Because stars are not born in isolation, they can be subject to external radiation from neighboring hot stars and to close stellar interactions. The hot stars ζ Pup and γ2 Vel powering the diffuse Gum Nebula shine so intensely that their ultraviolet radiation can disperse the protoplanetary disks of stars up to a hundred light years away, hastening disk evolution and possibly impeding planet formation. In the stellar association near cometary globule CG 30 (FUV radiation G0 = 6.6+3.2-2.7), the accretion disk fraction is only 29% ± 14%, low for the association’s young age of ~0.5 Myr. In 7 other clusters we found throughout the Gum Nebula (G0 = 2.1 - 17.0), 43% of 207 measured projected rotation speeds are >40 km s-1, high for the clusters’ intermediate ages of 6 — 680 Myr and possibly a symptom of early disk erosion.
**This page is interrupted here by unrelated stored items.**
(* Let $\delta$ be a non-null classifier and $t\ge0$. For each $\beta\in\{0,1\}$, the maximizer of the conditional payoff $V_\beta(r)$ over $r\in\mathbb{R}$ is $r^*_\beta=k^*_\beta(t,F)/\rho(\delta,\phi)$, where $k_0^*=k_0^*(t,F)$ and $k_1^*=k_1^*(t,F)$ are defined implicitly by $k_0^*=t-\frac{F(k_0^* )}{f(k_0^* )}$ and $k_1^*=t+\frac{1-F(k_1^* )}{f(k_1^* )}$. In particular these two values do not depend on the individual's cost $\gamma_i$.
   Context: Individuals have privately known costs $\gamma_i\in\mathbb{R}$ of choosing $\beta_i=1$ (compliance) rather than $\beta_i=0$, distributed according to a continuously differentiable CDF $F$ with log-concave density $f$ of full support on $\mathbb{R}$. A classifier $\delta=(\delta_1,\delta_0)\in[0,1]^2$ assigns $d_i\in\{0,1\}$ with $\Pr[d_i=s_i\mid s_i]=\delta_{s_i}$, where $\Pr[s_i=\beta_i]=\phi\in(\tfrac12,1]$. Let $\rho=\rho(\delta,\phi)=(\delta_1+\delta_0-1)(2\phi-1)$; $\delta$ is non-null if $\rho\ne0$. Individuals with $d_i=1$ receive reward $r$, financed by an equal tax on everyone (budget balance), and each gets $t\cdot\pi$ where $\pi=F(r\rho)$ is the compliance rate (individuals comply iff $\gamma_i\le r\rho$). Conditional payoffs: $V_1(r)=-\gamma_i+r\rho(1-F(r\rho))+tF(r\rho)$ (complying) and $V_0(r)=-r\rho F(r\rho)+tF(r\rho)$ (not complying). *)

theory Defs
  imports "HOL-Analysis.Analysis"
begin

text \<open>Informativeness of a classifier delta = (d1, d0) given signal accuracy phi.\<close>
definition rho :: "real \<Rightarrow> real \<Rightarrow> real \<Rightarrow> real" where
  "rho d1 d0 phi = (d1 + d0 - 1) * (2 * phi - 1)"

text \<open>Conditional payoff when complying (cost gamma), as function of reward r.\<close>
definition V1 :: "(real \<Rightarrow> real) \<Rightarrow> real \<Rightarrow> real \<Rightarrow> real \<Rightarrow> real \<Rightarrow> real" where
  "V1 F rh t gamma r = - gamma + r * rh * (1 - F (r * rh)) + t * F (r * rh)"

text \<open>Conditional payoff when not complying, as function of reward r.\<close>
definition V0 :: "(real \<Rightarrow> real) \<Rightarrow> real \<Rightarrow> real \<Rightarrow> real \<Rightarrow> real" where
  "V0 F rh t r = - r * rh * F (r * rh) + t * F (r * rh)"

definition log_concave :: "(real \<Rightarrow> real) \<Rightarrow> bool" where
  "log_concave f \<longleftrightarrow> (\<forall>x. f x > 0) \<and> concave_on UNIV (\<lambda>x. ln (f x))"

end

(*
  Substituting k = r * rho, the non-complier's payoff is (t - k) F k, whose derivative is
  f k * (t - k - F k / f k). Log-concavity of f makes F / f nondecreasing, so the bracket is
  strictly decreasing; it therefore has exactly one zero k0, the unique strict maximiser.
  Reflecting the cost distribution (F x to 1 - F (- x), f x to f (- x), which preserves
  log-concavity) turns the complier's payoff into the non-complier's one with t replaced by -t,
  plus the constant t - gamma; this yields k1, and shows that gamma does not affect the maximiser.
*)
theory Submission
  imports Defs
begin

lemma log_concave_pos: "log_concave f \<Longrightarrow> 0 < f x"
  by (simp add: log_concave_def)

lemma log_concave_reflect:
  assumes "log_concave f"
  shows "log_concave (\<lambda>x. f (- x))"
proof -
  have concave: "concave_on UNIV (\<lambda>x. ln (f x))"
    using assms by (simp add: log_concave_def)
  have "concave_on UNIV (\<lambda>x. ln (f (- x)))"
    unfolding concave_on_iff
  proof (intro conjI ballI allI impI)
    fix a b u v :: real
    assume "0 \<le> u" "0 \<le> v" "u + v = 1"
    then have "u * ln (f (- a)) + v * ln (f (- b)) \<le> ln (f (u *\<^sub>R (- a) + v *\<^sub>R (- b)))"
      using concave unfolding concave_on_iff by blast
    then show "u * ln (f (- a)) + v * ln (f (- b)) \<le> ln (f (- (u *\<^sub>R a + v *\<^sub>R b)))"
      by simp
  qed simp
  then show ?thesis
    using assms by (simp add: log_concave_def)
qed

lemma log_concave_shift_mult_le:
  fixes f :: "real \<Rightarrow> real"
  assumes lc: "log_concave f" and "x \<le> y" and "0 \<le> s"
  shows "f (x - s) * f y \<le> f (y - s) * f x"
proof (cases "s = 0 \<or> x = y")
  case True
  then show ?thesis by (auto simp: mult.commute)
next
  case False
  with assms have "0 < s" "x < y" by auto
  have concave: "concave_on UNIV (\<lambda>x. ln (f x))"
    using lc by (simp add: log_concave_def)
  define l where "l = s / (y - x + s)"
  have l: "0 \<le> l" "l \<le> 1" "l * (y - x + s) = s"
    using \<open>0 < s\<close> \<open>x < y\<close> by (auto simp: l_def field_simps)
  have ln_ge: "u * ln (f a) + v * ln (f b) \<le> ln (f (u * a + v * b))"
    if "0 \<le> u" "0 \<le> v" "u + v = 1" for a b u v
    using concave that unfolding concave_on_iff by auto
  have "x = (1 - l) * (x - s) + l * y" "y - s = l * (x - s) + (1 - l) * y"
    using l(3) by (simp_all add: algebra_simps)
  then have "(1 - l) * ln (f (x - s)) + l * ln (f y) \<le> ln (f x)"
    "l * ln (f (x - s)) + (1 - l) * ln (f y) \<le> ln (f (y - s))"
    using ln_ge[of "1 - l" l "x - s" y] ln_ge[of l "1 - l" "x - s" y] l by simp_all
  then have "ln (f (x - s)) + ln (f y) \<le> ln (f (y - s)) + ln (f x)"
    by (simp add: algebra_simps)
  then have "ln (f (x - s) * f y) \<le> ln (f (y - s) * f x)"
    by (simp add: ln_mult_pos log_concave_pos[OF lc])
  then show ?thesis
    by (simp add: log_concave_pos[OF lc])
qed

lemma nonneg_if_deriv_nonneg_tendsto_zero_at_bot:
  fixes K K' :: "real \<Rightarrow> real"
  assumes "\<And>u. u \<le> y \<Longrightarrow> (K has_real_derivative K' u) (at u)"
    and "\<And>u. u \<le> y \<Longrightarrow> 0 \<le> K' u"
    and "(K \<longlongrightarrow> 0) at_bot"
  shows "0 \<le> K y"
proof -
  have "K u \<le> K y" if "u \<le> y" for u
    using deriv_nonneg_imp_mono[of u y K K'] assms(1,2) that by auto
  then show ?thesis
    by (intro tendsto_upperbound[OF assms(3)]) (auto simp: eventually_at_bot_linorder)
qed

lemma cdf_div_density_mono:
  fixes F f :: "real \<Rightarrow> real"
  assumes F_deriv: "\<And>x. (F has_real_derivative f x) (at x)"
    and F_bot: "(F \<longlongrightarrow> 0) at_bot"
    and lc: "log_concave f" and "x \<le> y"
  shows "F x / f x \<le> F y / f y"
proof -
  define c where "c = f y / f x"
  define d where "d = y - x"
  text \<open>The claim is \<open>0 \<le> K y\<close>; the shift inequality makes \<open>K\<close> nondecreasing up to \<open>y\<close>.\<close>
  define K where "K u = F u - c * F (u - d)" for u
  have "((\<lambda>u. F (u - d)) has_real_derivative f (u - d) * 1) (at u)" for u
    by (rule DERIV_chain2[OF F_deriv]) (auto intro!: derivative_eq_intros)
  then have K_deriv: "(K has_real_derivative f u - c * f (u - d)) (at u)" for u
    unfolding K_def by (auto intro!: derivative_eq_intros F_deriv)
  have "0 \<le> f u - c * f (u - d)" if "u \<le> y" for u
  proof -
    have "f (u - d) * f y \<le> f u * f x"
      using log_concave_shift_mult_le[OF lc \<open>x \<le> y\<close>, of "y - u"] that by (simp add: d_def algebra_simps)
    then show ?thesis
      using log_concave_pos[OF lc, of x] by (simp add: c_def field_simps)
  qed
  moreover have "filterlim (\<lambda>u. u - d) at_bot at_bot"
    unfolding filterlim_at_bot eventually_at_bot_linorder
    by (meson diff_le_eq)
  then have "((\<lambda>u. F (u - d)) \<longlongrightarrow> 0) at_bot"
    by (rule filterlim_compose[OF F_bot])
  then have "(K \<longlongrightarrow> 0) at_bot"
    unfolding K_def using tendsto_diff[OF F_bot tendsto_mult_right_zero] by simp
  ultimately have "0 \<le> K y"
    using nonneg_if_deriv_nonneg_tendsto_zero_at_bot[OF K_deriv] by blast
  then show ?thesis
    using log_concave_pos[OF lc, of x] log_concave_pos[OF lc, of y]
    by (simp add: K_def c_def d_def field_simps)
qed

lemma cdf_gap_strict_antimono:
  fixes F f :: "real \<Rightarrow> real"
  assumes F_deriv: "\<And>x. (F has_real_derivative f x) (at x)"
    and F_bot: "(F \<longlongrightarrow> 0) at_bot"
    and lc: "log_concave f" and "a < b"
  shows "t - b - F b / f b < t - a - F a / f a"
  using cdf_div_density_mono[OF F_deriv F_bot lc, of a b] \<open>a < b\<close> by simp

lemma ex1_zero_if_continuous_strict_antimono:
  fixes h :: "real \<Rightarrow> real"
  assumes cont: "continuous_on UNIV h"
    and dec: "\<And>a b. a < b \<Longrightarrow> h b < h a"
    and "0 \<le> h a" and "h b \<le> 0"
  shows "\<exists>!k. h k = 0"
proof -
  have "a \<le> b"
    using dec[of b a] assms(3,4) by force
  then obtain k where "h k = 0"
    using IVT2'[of h b 0 a] assms(3,4) continuous_on_subset[OF cont] by blast
  moreover have "k' = k" if "h k' = 0" for k'
    using dec[of k k'] dec[of k' k] that \<open>h k = 0\<close> by (cases k k' rule: linorder_cases) auto
  ultimately show ?thesis by blast
qed

lemma strict_max_if_deriv_sign:
  fixes g g' :: "real \<Rightarrow> real"
  assumes deriv: "\<And>k. (g has_real_derivative g' k) (at k)"
    and pos: "\<And>k. k < k0 \<Longrightarrow> 0 < g' k"
    and neg: "\<And>k. k0 < k \<Longrightarrow> g' k < 0"
    and "k \<noteq> k0"
  shows "g k < g k0"
proof -
  have cont: "continuous_on S g" for S
    using deriv by (meson DERIV_isCont continuous_at_imp_continuous_on)
  consider "k < k0" | "k0 < k"
    using \<open>k \<noteq> k0\<close> by linarith
  then show ?thesis
  proof cases
    case 1
    then show ?thesis
      using DERIV_pos_imp_increasing_open[OF 1 _ cont] deriv pos by fastforce
  next
    case 2
    then show ?thesis
      using DERIV_neg_imp_decreasing_open[OF 2 _ cont] deriv neg by fastforce
  qed
qed

lemma cdf_fixed_point_ex1:
  fixes F f :: "real \<Rightarrow> real"
  assumes F_deriv: "\<And>x. (F has_real_derivative f x) (at x)"
    and f_cont: "continuous_on UNIV f"
    and F_bot: "(F \<longlongrightarrow> 0) at_bot"
    and lc: "log_concave f"
  shows "\<exists>!k. k = t - F k / f k"
proof -
  note f_pos = log_concave_pos[OF lc]
  define h where "h k = t - k - F k / f k" for k
  have "continuous_on UNIV F"
    using F_deriv by (meson DERIV_isCont continuous_at_imp_continuous_on)
  then have "continuous_on UNIV h"
    unfolding h_def using f_cont f_pos by (intro continuous_intros) (auto simp: less_imp_neq[symmetric])
  moreover have "h b < h a" if "a < b" for a b
    unfolding h_def using cdf_gap_strict_antimono[OF F_deriv F_bot lc that] .
  moreover have "0 \<le> h (min 0 (t - F 0 / f 0))"
    using cdf_div_density_mono[OF F_deriv F_bot lc, of "min 0 (t - F 0 / f 0)" 0]
    by (simp add: h_def)
  moreover have "0 < F t"
    using DERIV_pos_imp_increasing_at_bot[OF _ F_bot] F_deriv f_pos by blast
  then have "h t \<le> 0"
    using f_pos[of t] by (simp add: h_def)
  ultimately have "\<exists>!k. h k = 0"
    by (rule ex1_zero_if_continuous_strict_antimono)
  then show ?thesis
    by (simp add: h_def eq_diff_eq' algebra_simps)
qed

lemma V0_strict_max:
  fixes F f :: "real \<Rightarrow> real"
  assumes F_deriv: "\<And>x. (F has_real_derivative f x) (at x)"
    and F_bot: "(F \<longlongrightarrow> 0) at_bot"
    and lc: "log_concave f"
    and rh: "rh \<noteq> 0"
    and k0: "k0 = t - F k0 / f k0"
    and r: "r \<noteq> k0 / rh"
  shows "V0 F rh t r < V0 F rh t (k0 / rh)"
proof -
  note f_pos = log_concave_pos[OF lc]
  define h where "h k = t - k - F k / f k" for k
  have h_dec: "h b < h a" if "a < b" for a b
    unfolding h_def using cdf_gap_strict_antimono[OF F_deriv F_bot lc that] .
  have "h k0 = 0"
    unfolding h_def using k0 by linarith
  have deriv: "((\<lambda>k. (t - k) * F k) has_real_derivative f k * h k) (at k)" for k
  proof -
    have "((\<lambda>k. (t - k) * F k) has_real_derivative - F k + (t - k) * f k) (at k)"
      by (auto intro!: derivative_eq_intros F_deriv)
    moreover have "- F k + (t - k) * f k = f k * h k"
      using f_pos[of k] by (simp add: h_def field_simps)
    ultimately show ?thesis
      by simp
  qed
  have "(t - r * rh) * F (r * rh) < (t - k0) * F k0"
  proof (rule strict_max_if_deriv_sign[OF deriv])
    show "0 < f k * h k" if "k < k0" for k
      using h_dec[OF that] \<open>h k0 = 0\<close> f_pos[of k] by simp
    show "f k * h k < 0" if "k0 < k" for k
      using h_dec[OF that] \<open>h k0 = 0\<close> f_pos[of k] by (simp add: mult_pos_neg)
    show "r * rh \<noteq> k0"
      using rh r by (auto simp: field_simps)
  qed
  then show ?thesis
    using rh by (simp add: V0_def algebra_simps)
qed

lemma cdf_reflect:
  fixes F f :: "real \<Rightarrow> real"
  assumes F_deriv: "\<And>x. (F has_real_derivative f x) (at x)"
    and F_top: "(F \<longlongrightarrow> 1) at_top"
  shows "((\<lambda>x. 1 - F (- x)) has_real_derivative f (- x)) (at x)"
    and "((\<lambda>x. 1 - F (- x)) \<longlongrightarrow> 0) at_bot"
proof -
  have "((\<lambda>x. F (- x)) has_real_derivative - f (- x)) (at x)"
    using DERIV_mirror F_deriv by blast
  from DERIV_diff[OF DERIV_const[of 1] this]
  show "((\<lambda>x. 1 - F (- x)) has_real_derivative f (- x)) (at x)"
    by simp
  have "((\<lambda>x. F (- x)) \<longlongrightarrow> 1) at_bot"
    using F_top filterlim_at_top_mirror by blast
  then show "((\<lambda>x. 1 - F (- x)) \<longlongrightarrow> 0) at_bot"
    using tendsto_diff[OF tendsto_const, of "\<lambda>x. F (- x)" 1 at_bot 1] by simp
qed

lemma V1_eq_V0_reflect: "V1 F rh t gamma r = t - gamma + V0 (\<lambda>x. 1 - F (- x)) (- rh) (- t) r"
  by (simp add: V1_def V0_def algebra_simps)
Based on Gaia DR2 data and our own spectroscopically measured radial velocities, we serendipitously discovered that the Gum Nebula clusters UPK 535 and Theia 120 collided with each other 0.74 ± 0.11 Myr ago. Their closest center-of-mass approach is 17.4 ± 2.4 pc, just slightly larger than the clusters’ half-stars radii of 13.4 pc and 15.3 pc. This event may be the first-ever case study of colliding clusters close enough to Earth for detailed analysis of stellar motions, properties, and disk properties. According to our Monte Carlo simulation, 55 ± 8 stars come within 1 pc of each other during the encounter. The tightest star-star interaction is 0.14 ± 0.06 pc, less than the radial extent of the Sun’s Oort cloud. If these stars possess Oort clouds similar to the Sun’s, the largest impulse on these clouds is 0.51 ± 0.43 M pc-1 km-1 s, large enough to perturb the orbits of Oort cloud comets and plague any present exoplanets with heavy bombardment. Collectively our research on stars and their dramatic interactions elucidates how young stars and their potential planets are affected by their dynamic environments.